*Given information*

lemma card_switches_le:
  assumes rows: "\<forall>i<n. card {j. j < n \<and> A i j = 0} \<le> k"
  shows "card (switches A n m) \<le> card (perms_hitting A n (m - 1)) * (k * (n - m + 1))"
proof -
  let ?Q = "perms_hitting A n (m - 1)"
  define B where "B = (SIGMA q:?Q. SIGMA i:{0..<n} - zero_hits A n q. {i'. i' < n \<and> A i (q i') = 0})"
  let ?switch = "\<lambda>(p, i, i'). (p \<circ> Transposition.transpose i i', i, i')"
  have "card (switches A n m) \<le> card B"
  proof (rule card_inj_on_le)
    show "inj_on ?switch (switches A n m)"
      by (auto simp: inj_on_def) (metis comp_assoc comp_id transpose_comp_involutory)
    show "?switch ` switches A n m \<subseteq> B"
    proof clarify
      fix p i i' assume "(p, i, i') \<in> switches A n m"
      then have p: "p \<in> perms_hitting A n m" and i: "i \<in> zero_hits A n p"
        and i': "i' \<in> swap_partners A n p i"
        by (auto simp: switches_def)
      then have "i' \<noteq> i" "i < n" "i' < n" "A i (p i) = 0"
        by (auto simp: zero_hits_def swap_partners_def)
      moreover have "p \<circ> Transposition.transpose i i' permutes {0..<n}"
        using p \<open>i < n\<close> \<open>i' < n\<close>
        by (auto simp: perms_hitting_def intro!: permutes_compose[OF permutes_swap_id])
      ultimately show "(p \<circ> Transposition.transpose i i', i, i') \<in> B"
        using p i zero_hits_swap[OF i i'] by (auto simp: B_def perms_hitting_def)
    qed
    show "finite B" by (simp add: B_def)
  qed
  also have "card B = (\<Sum>q\<in>?Q. \<Sum>i\<in>{0..<n} - zero_hits A n q. card {i'. i' < n \<and> A i (q i') = 0})"
    by (simp add: B_def)
  also have "\<dots> \<le> (\<Sum>q\<in>?Q. \<Sum>i\<in>{0..<n} - zero_hits A n q. k)"
  proof (intro sum_mono)
    fix q i assume "q \<in> ?Q" "i \<in> {0..<n} - zero_hits A n q"
    then show "card {i'. i' < n \<and> A i (q i') = 0} \<le> k"
      using rows card_permutes_preimage[of q "{0..<n}" "\<lambda>j. A i j = 0"]
      by (auto simp: perms_hitting_def)
  qed
  also have "\<dots> \<le> (\<Sum>q\<in>?Q. (n - m + 1) * k)"
  proof (rule sum_mono)
    fix q assume "q \<in> ?Q"
    then have non_hits: "card ({0..<n} - zero_hits A n q) \<le> n - m + 1"
      by (subst card_Diff_subset) (auto simp: perms_hitting_def zero_hits_def)
    show "(\<Sum>i\<in>{0..<n} - zero_hits A n q. k) \<le> (n - m + 1) * k"
      using mult_le_mono1[OF non_hits, of k] by simp
  qed
  also have "\<dots> = card ?Q * (k * (n - m + 1))"
    by (simp add: mult.commute)
  finally show ?thesis .
qed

*Instructions for the task*
Extract all lines of the records above that include "proof".

*Output of the exercise*
proof -
  proof (rule card_inj_on_le)
    proof clarify
  proof (intro sum_mono)
  proof (rule sum_mono)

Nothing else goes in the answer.